━━━ RECORDS FOR THE EXERCISE ━━━
lemma psi'_reaction_nonneg:
  assumes a: "a > 0" and b: "b > 0" and t: "t \<ge> 0"
  shows "psi' (b / a) * (c t * (b powr \<sigma> * a - b * a powr \<sigma>)) \<ge> 0"
proof -
  define X where "X = psi' (b / a)"
  define Y where "Y = c t * (b powr (\<sigma> - 1) - a powr (\<sigma> - 1))"
  have "(X - psi' 1) * (b / a - 1) * a \<le> 0"
    unfolding X_def using a b
    by (intro mult_nonpos_nonneg concave_on_deriv_antimono[OF psi_concave psi_deriv]) auto
  then have X_sign: "X * (b - a) \<le> 0"
    using a by (simp add: psi'_1 algebra_simps)
  have Y_sign: "Y * (b - a) \<le> 0"
    unfolding Y_def using reaction_rate_antimono[OF a b] c_sign t by auto
  have "X * Y \<ge> 0"
  proof (cases "b = a")
    case True
    then show ?thesis using a by (simp add: X_def psi'_1)
  next
    case False
    have "0 \<le> (X * (b - a)) * (Y * (b - a))" using X_sign Y_sign by (rule mult_nonpos_nonpos)
    also have "\<dots> = (X * Y) * (b - a)\<^sup>2" by (simp add: power2_eq_square algebra_simps)
    finally show ?thesis using False by (simp add: zero_le_mult_iff)
  qed
  moreover have "b powr \<sigma> * a - b * a powr \<sigma> = a * b * (b powr (\<sigma> - 1) - a powr (\<sigma> - 1))"
    using a b by (simp add: powr_mult_base algebra_simps)
  then have "psi' (b / a) * (c t * (b powr \<sigma> * a - b * a powr \<sigma>)) = (a * b) * (X * Y)"
    unfolding X_def Y_def by (simp only: mult_ac)
  ultimately show ?thesis
    using a b by simp
qed

text \<open>The right-hand side is \<open>\<psi>'(b/a) \<partial>\<^sub>t(b/a)\<close> for \<open>b = u(y,t)\<close>, \<open>a = u(x,t)\<close>; the left-hand
  side is its diffusion part, the summand of \<open>\<Omega>\<^sup>\<psi>\<close>.\<close>

lemma psi'_ratio_rate_ge:
  assumes a: "a > 0" and b: "b > 0" and t: "t \<ge> 0"
  shows "psi' (b / a) * (b / a) * (Lb / b - La / a)
    \<le> psi' (b / a) * (((Lb + c t * b powr \<sigma>) * a - b * (La + c t * a powr \<sigma>)) / (a * a))"
proof -
  have "psi' (b / a) * (((Lb + c t * b powr \<sigma>) * a - b * (La + c t * a powr \<sigma>)) / (a * a))
      = psi' (b / a) * (b / a) * (Lb / b - La / a)
        + psi' (b / a) * (c t * (b powr \<sigma> * a - b * a powr \<sigma>)) / (a * a)"
    using a b by (simp add: field_simps del: powr_diff)
  then show ?thesis using psi'_reaction_nonneg[OF a b t] by simp
qed

lemma Gamma_psi_solution_deriv:
  assumes x: "x \<in> V" and t: "t \<ge> 0"
  obtains D
  where "((\<lambda>s. Gamma_psi V E w mu psi psi' (\<lambda>y. u y s) x) has_real_derivative D) (at t within {0..})"
    and "D \<le> - Omega_psi V E w mu psi' (\<lambda>y. u y t) x"
proof -
  let ?N = "{y\<in>V. E x y}"
  define f where "f = (\<lambda>y. u y t)"
  define r' where "r' = (\<lambda>y. ((lap V E w mu f y + c t * u y t powr \<sigma>) * u x t
      - u y t * (lap V E w mu f x + c t * u x t powr \<sigma>)) / (u x t * u x t))"
  define h where "h = (\<lambda>y. psi' (f y / f x) * (f y / f x) *
      (lap V E w mu f y / f y - lap V E w mu f x / f x))"
  define D where "D = (1 / mu x) * (\<Sum>y\<in>?N. w x y * (0 - psi' (u y t / u x t) * r' y))"
  have ux: "u x t > 0" using u_pos x t by auto
  have "((\<lambda>s. (1 / mu x) * (\<Sum>y\<in>?N. w x y * (psi 1 - psi (u y s / u x s))))
      has_real_derivative D) (at t within {0..})"
    unfolding D_def
  proof (intro DERIV_cmult DERIV_sum DERIV_diff DERIV_const)
    fix y assume y: "y \<in> ?N"
    have "u y t / u x t > 0" using u_pos y t ux by auto
    moreover have "((\<lambda>s. u y s / u x s) has_real_derivative r' y) (at t within {0..})"
      unfolding r'_def f_def using y ux by (intro DERIV_divide u_eq x t) auto
    ultimately show "((\<lambda>s. psi (u y s / u x s)) has_real_derivative psi' (u y t / u x t) * r' y)
        (at t within {0..})"
      by (rule DERIV_chain2[OF psi_deriv])
  qed
  then have deriv: "((\<lambda>s. Gamma_psi V E w mu psi psi' (\<lambda>y. u y s) x) has_real_derivative D)
      (at t within {0..})"
    by (rule has_field_derivative_transform_within[where d = 1])
      (use t u_pos x in \<open>auto simp: Gamma_psi_eq_sum[where psi' = psi', OF psi'_1] less_imp_neq[symmetric]\<close>)
  have "w x y * (0 - psi' (u y t / u x t) * r' y) \<le> - (w x y * (h y - h x))" if y: "y \<in> ?N" for y
  proof -
    have "h y \<le> psi' (u y t / u x t) * r' y"
      unfolding h_def r'_def f_def using psi'_ratio_rate_ge[OF ux _ t] u_pos y t by auto
    then have "w x y * h y \<le> w x y * (psi' (u y t / u x t) * r' y)"
      using weighted_graph_weight_pos[OF graph] y by (intro mult_left_mono) (auto simp: less_imp_le)
    moreover have "h x = 0" by (simp add: h_def)
    ultimately show ?thesis by (simp add: algebra_simps)
  qed
  then have "(\<Sum>y\<in>?N. w x y * (0 - psi' (u y t / u x t) * r' y))
      \<le> (\<Sum>y\<in>?N. - (w x y * (h y - h x)))"
    by (rule sum_mono)
  also have "\<dots> = - (\<Sum>y\<in>?N. w x y * (h y - h x))"
    by (rule sum_negf)
  finally have "D \<le> (1 / mu x) * - (\<Sum>y\<in>?N. w x y * (h y - h x))"
    unfolding D_def using weighted_graph_measure_pos[OF graph x] by (intro mult_left_mono) auto
  also have "\<dots> = - Omega_psi V E w mu psi' f x"
    by (simp add: Omega_psi_def lap_def h_def)
  finally show ?thesis using that deriv unfolding f_def by blast
qed

lemma continuous_on_Gamma_psi_solution:
  assumes "x \<in> V"
  shows "continuous_on {0..} (\<lambda>s. Gamma_psi V E w mu psi psi' (\<lambda>y. u y s) x)"
  unfolding continuous_on_eq_continuous_within
proof
  fix t :: real assume "t \<in> {0..}"
  then obtain D where
    "((\<lambda>s. Gamma_psi V E w mu psi psi' (\<lambda>y. u y s) x) has_real_derivative D) (at t within {0..})"
    using Gamma_psi_solution_deriv[OF assms] by auto
  then show "continuous (at t within {0..}) (\<lambda>s. Gamma_psi V E w mu psi psi' (\<lambda>y. u y s) x)"
    by (rule DERIV_continuous)
qed

lemma time_weighted_Gamma_psi_bound_at_max:
  assumes CD: "CD_psi V E w mu psi psi' n (- K)" and n: "n > 0" and K: "K \<ge> 0"
    and x: "x \<in> V" and t: "t \<ge> 0"
    and max: "\<And>y s. y \<in> V \<Longrightarrow> s \<in> {0..t} \<Longrightarrow>
      s * Gamma_psi V E w mu psi psi' (\<lambda>z. u z s) y \<le> t * Gamma_psi V E w mu psi psi' (\<lambda>z. u z t) x"
  shows "t * Gamma_psi V E w mu psi psi' (\<lambda>z. u z t) x \<le> n / 2 + n * K * t"
proof (cases "t > 0 \<and> Gamma_psi V E w mu psi psi' (\<lambda>z. u z t) x > 0")
  case False
  then have "t * Gamma_psi V E w mu psi psi' (\<lambda>z. u z t) x \<le> 0"
    using t by (auto simp: mult_nonneg_nonpos)
  moreover have "0 \<le> n * K * t" using n K t by simp
  ultimately show ?thesis using n by linarith
next
  case True
  let ?G = "\<lambda>y s. Gamma_psi V E w mu psi psi' (\<lambda>z. u z s) y"
  have "\<forall>y\<in>V. ?G y t \<le> ?G x t"
  proof
    fix y assume "y \<in> V"
    then have "t * ?G y t \<le> t * ?G x t" using max t by simp
    then show "?G y t \<le> ?G x t" using True by (simp add: mult_le_cancel_left_pos)
  qed
  then have \<Omega>: "(2 / n) * (?G x t)\<^sup>2 - 2 * K * ?G x t \<le> Omega_psi V E w mu psi' (\<lambda>z. u z t) x"
    using Omega_psi_ge_at_Gamma_max[OF graph x _ CD psi'_1] u_pos t by auto
  obtain D where D: "(?G x has_real_derivative D) (at t within {0..})"
    and D_le: "D \<le> - Omega_psi V E w mu psi' (\<lambda>z. u z t) x"
    using Gamma_psi_solution_deriv[OF x t] by auto
  have "((\<lambda>s. s * ?G x s) has_real_derivative 1 * ?G x t + D * t) (at t within {0..})"
    by (rule DERIV_mult[OF DERIV_ident D])
  then have "0 \<le> 1 * ?G x t + D * t"
    by (rule deriv_nonneg_at_left_max[where a = 0]) (use True max x in auto)
  then show ?thesis
    using riccati_bound_at_max[OF _ t n _ D_le \<Omega>] True by simp
qed

lemma time_weighted_Gamma_psi_bound:
  assumes fin: "finite V" and CD: "CD_psi V E w mu psi psi' n (- K)" and n: "n > 0" and K: "K \<ge> 0"
    and x: "x \<in> V" and T: "T > 0"
  shows "T * Gamma_psi V E w mu psi psi' (\<lambda>z. u z T) x \<le> n / 2 + n * K * T"
proof -
  let ?F = "\<lambda>y s. s * Gamma_psi V E w mu psi psi' (\<lambda>z. u z s) y"
  have cont: "continuous_on {0..T} (?F y)" if "y \<in> V" for y
    using continuous_on_subset[OF continuous_on_Gamma_psi_solution[OF that]]
    by (intro continuous_on_mult continuous_on_id) auto
  obtain xm tm where xm: "xm \<in> V" and tm: "tm \<in> {0..T}"
    and max: "\<And>y s. y \<in> V \<Longrightarrow> s \<in> {0..T} \<Longrightarrow> ?F y s \<le> ?F xm tm"
    by (rule continuous_family_attains_max[of V 0 T ?F]) (use fin x T cont in auto)
  have "?F x T \<le> ?F xm tm" using max x T by auto
  also have "\<dots> \<le> n / 2 + n * K * tm"
    using time_weighted_Gamma_psi_bound_at_max[OF CD n K xm, of tm] max tm by auto
  also have "\<dots> \<le> n / 2 + n * K * T" using tm n K by (simp add: mult_left_mono)
  finally show ?thesis .
qed

end

theorem mainTheorem12:
  fixes V :: "'v set" and E :: "'v \<Rightarrow> 'v \<Rightarrow> bool" and w :: "'v \<Rightarrow> 'v \<Rightarrow> real"
    and mu :: "'v \<Rightarrow> real" and psi psi' :: "real \<Rightarrow> real"
    and n K \<sigma> \<alpha> :: real and c :: "real \<Rightarrow> real" and u :: "'v \<Rightarrow> real \<Rightarrow> real"
  assumes graph: "weighted_graph V E w mu" and fin: "finite V"
    and n_pos: "n > 0" and K_pos: "K > 0"
    and psi_deriv: "\<And>s. s > 0 \<Longrightarrow> (psi has_real_derivative psi' s) (at s)"
    and psi'_cont: "continuous_on {0<..} psi'"
    and psi_concave: "concave_on {0<..} psi"
    and psi'_1: "psi' 1 = 0"
    and CD: "CD_psi V E w mu psi psi' n (- K)"
    and c_cont: "continuous_on {0..} c"
    and c_sign: "((\<forall>t\<ge>0. c t \<ge> 0) \<and> \<sigma> \<le> 1) \<or> ((\<forall>t\<ge>0. c t \<le> 0) \<and> \<sigma> \<ge> 1)"
    and u_pos: "\<And>x t. x \<in> V \<Longrightarrow> t \<ge> 0 \<Longrightarrow> u x t > 0"
    and u_eq: "\<And>x t. x \<in> V \<Longrightarrow> t \<ge> 0 \<Longrightarrow>
       ((u x) has_real_derivative
          (lap V E w mu (\<lambda>y. u y t) x + c t * (u x t) powr \<sigma>)) (at t within {0..})"
    and alpha: "0 < \<alpha>" "\<alpha> < 1"
  shows "\<forall>x\<in>V. \<forall>t>0.
     (1 - \<alpha>) * Gamma_psi V E w mu psi psi' (\<lambda>y. u y t) x
       \<le> n / (2 * (1 - \<alpha>) * t) + K * n / (2 * \<alpha>)"
proof (intro ballI allI impI)
  interpret semilinear_heat_solution V E w mu psi psi' c \<sigma> u
    using graph psi_deriv psi_concave psi'_1 c_sign u_pos u_eq by unfold_locales
  fix x t assume "x \<in> V" and t: "t > (0::real)"
  then have "t * Gamma_psi V E w mu psi psi' (\<lambda>y. u y t) x \<le> n / 2 + n * K * t"
    using time_weighted_Gamma_psi_bound[OF fin CD n_pos] K_pos by simp
  then show "(1 - \<alpha>) * Gamma_psi V E w mu psi psi' (\<lambda>y. u y t) x
      \<le> n / (2 * (1 - \<alpha>) * t) + K * n / (2 * \<alpha>)"
    by (rule bound_relax_alpha[OF t n_pos K_pos alpha])
qed

end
━━━
ACTIVITY
Begin at the line that has "by (intro continuous_on_mult" in the entries above; stop after the line that has "y s \<le> ?F". Transcribe exactly those lines and no others.

RESULT
    by (intro continuous_on_mult continuous_on_id) auto
  obtain xm tm where xm: "xm \<in> V" and tm: "tm \<in> {0..T}"
    and max: "\<And>y s. y \<in> V \<Longrightarrow> s \<in> {0..T} \<Longrightarrow> ?F y s \<le> ?F xm tm"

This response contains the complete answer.